■ Given records
lemma measure_Int_point_cylinder:
  assumes "T \<in> sets \<mu>" and inv: "finsupp_invariant T"
    and "finite J" and d: "\<And>j. j \<in> J \<Longrightarrow> d j \<in> carrier \<Gamma>"
  shows "measure \<mu> (T \<inter> cylinder J (\<lambda>j. {d j})) = measure \<mu> (T \<inter> cylinder J (\<lambda>_. {\<one>}))"
proof -
  define w where "w n = (if n \<in> J then inv (d n) else \<one>)" for n
  have w: "w \<in> finsupp"
    using d \<open>finite J\<close> by (auto simp: finsupp_def carrier_power_group w_def intro: finite_subset)
  then have wG: "w \<in> carrier G" by (simp add: finsupp_def)
  have "(\<lambda>x. w \<otimes>\<^bsub>G\<^esub> x) -` cylinder J (\<lambda>_. {\<one>}) \<inter> carrier G = cylinder J (\<lambda>j. {d j})"
    using d wG by (auto simp: cylinder_def w_def mult_power_group carrier_power_group inv_solve_left')
  moreover have "(\<lambda>x. w \<otimes>\<^bsub>G\<^esub> x) -` T \<inter> carrier G = T"
    using inv w by (simp add: finsupp_invariant_def)
  ultimately have eq: "(\<lambda>x. w \<otimes>\<^bsub>G\<^esub> x) -` (T \<inter> cylinder J (\<lambda>_. {\<one>})) \<inter> space \<mu>
      = T \<inter> cylinder J (\<lambda>j. {d j})"
    by (auto simp: space_haar_power)
  have "measure \<mu> ((\<lambda>x. w \<otimes>\<^bsub>G\<^esub> x) -` (T \<inter> cylinder J (\<lambda>_. {\<one>})) \<inter> space \<mu>)
      = measure \<mu> (T \<inter> cylinder J (\<lambda>_. {\<one>}))"
    using assms(1) sets_cylinder[OF \<open>finite J\<close>, of "\<lambda>_. {\<one>}"] by (intro measure_translate[OF wG]) auto
  then show ?thesis by (simp only: eq)
qed

lemma measure_Int_cylinder_card:
  assumes T: "T \<in> sets \<mu>" and inv: "finsupp_invariant T"
    and J: "finite J" and F: "\<And>j. j \<in> J \<Longrightarrow> F j \<subseteq> carrier \<Gamma>"
  shows "measure \<mu> (T \<inter> cylinder J F) = card (Pi\<^sub>E J F) * measure \<mu> (T \<inter> cylinder J (\<lambda>_. {\<one>}))"
proof -
  interpret prob_space \<mu> by (rule prob_space_haar_power)
  have "T \<inter> cylinder J F = (\<Union>d\<in>Pi\<^sub>E J F. T \<inter> cylinder J (\<lambda>j. {d j}))"
    by (auto simp: cylinder_def PiE_iff intro!: bexI[of _ "restrict _ J"])
  moreover have "measure \<mu> (\<Union>d\<in>Pi\<^sub>E J F. T \<inter> cylinder J (\<lambda>j. {d j}))
      = (\<Sum>d\<in>Pi\<^sub>E J F. measure \<mu> (T \<inter> cylinder J (\<lambda>j. {d j})))"
  proof (rule measure_finite_Union)
    show "finite (Pi\<^sub>E J F)" using J F finite_carrier by (intro finite_PiE) (auto intro: finite_subset)
    show "(\<lambda>d. T \<inter> cylinder J (\<lambda>j. {d j})) ` Pi\<^sub>E J F \<subseteq> sets \<mu>"
      using T J F by (auto simp: PiE_iff intro!: sets_cylinder)
    show "disjoint_family_on (\<lambda>d. T \<inter> cylinder J (\<lambda>j. {d j})) (Pi\<^sub>E J F)"
      by (auto simp: disjoint_family_on_def cylinder_def dest: PiE_ext)
  qed (simp add: emeasure_eq_measure)
  moreover have "measure \<mu> (T \<inter> cylinder J (\<lambda>j. {d j})) = measure \<mu> (T \<inter> cylinder J (\<lambda>_. {\<one>}))"
    if "d \<in> Pi\<^sub>E J F" for d
    using that F by (intro measure_Int_point_cylinder[OF T inv J]) auto
  ultimately show ?thesis by simp
qed
(* Suppose Assumption 1 holds. For every nonnegative measurable function $\rho:\mathcal{X}\times\Theta\to\mathbb{R}$ and every $x\in\mathcal{X}$, \[\int_\Theta\rho(x,\theta)\det\big(\nabla^2_\theta\mathcal{L}(\theta;x)\big)\mathbf{1}\{(x,\theta)\in\Psi_{\mathrm{SSOSP}}\}\,d\theta=\sigma^d\int_{\mathbb{R}^d}\rho\big(x,\widehat{\theta}(x,w)\big)\mathbf{1}\{(x,w)\in\Omega_{\mathrm{SSOSP}}\}\,dw.\]
   Context: Setting: $(\mathcal{X},\nu_\mathcal{X})$ is a measurable space, $\{P_\theta:\theta\in\Theta\}$ a parametric family with $\Theta\subseteq\mathbb{R}^d$, $\mathcal{R}:\Theta\to\mathbb{R}$ a regularization function, $\sigma>0$ fixed. All functions are measurable. Assumption 1 (regularity): $\Theta$ is a convex open subset of $\mathbb{R}^d$; each $P_\theta$ has a density $f(x;\theta)>0$ with respect to $\nu_\mathcal{X}$; and for each $x\in\mathcal{X}$ the map $\theta\mapsto\mathcal{L}(\theta;x):=-\log f(x;\theta)+\mathcal{R}(\theta)$ is continuously twice differentiable. For $w\in\mathbb{R}^d$ write $\mathcal{L}(\theta;x,w):=\mathcal{L}(\theta;x)+\sigma w^\top\theta$. Let $\widehat{\theta}:\mathcal{X}\times\mathbb{R}^d\to\Theta$ be a measurable map. A point $\theta$ is a strict second-order stationary point (SSOSP) of $\mathcal{L}(\cdot;x,w)$ if $\nabla_\theta\mathcal{L}(\theta;x,w)=0$ and $\nabla^2_\theta\mathcal{L}(\theta;x,w)\succ0$. For $\theta\in\Theta$ let $\mathcal{X}_\theta=\{x\in\mathcal{X}:\text{for some }w\in\mathbb{R}^d,\ \theta=\widehat{\theta}(x,w)\text{ and }\theta\text{ is a SSOSP of }\mathcal{L}(\cdot;x,w)\}$. Define $\Omega_{\mathrm{SSOSP}}=\{(x,w)\in\mathcal{X}\times\mathbb{R}^d:\widehat{\theta}(x,w)\text{ is a SSOSP of }\mathcal{L}(\cdot;x,w)\}$ and $\Psi_{\mathrm{SSOSP}}=\{(x,\theta)\in\mathcal{X}\times\Theta:x\in\mathcal{X}_\theta\}$. *)

theory Defs
  imports "HOL-Analysis.Analysis"
begin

■ What you need to do
Lines of the data above that include the string "shows" must each be copied.

■ Response
  shows "measure \<mu> (T \<inter> cylinder J (\<lambda>j. {d j})) = measure \<mu> (T \<inter> cylinder J (\<lambda>_. {\<one>}))"
  shows "measure \<mu> (T \<inter> cylinder J F) = card (Pi\<^sub>E J F) * measure \<mu> (T \<inter> cylinder J (\<lambda>_. {\<one>}))"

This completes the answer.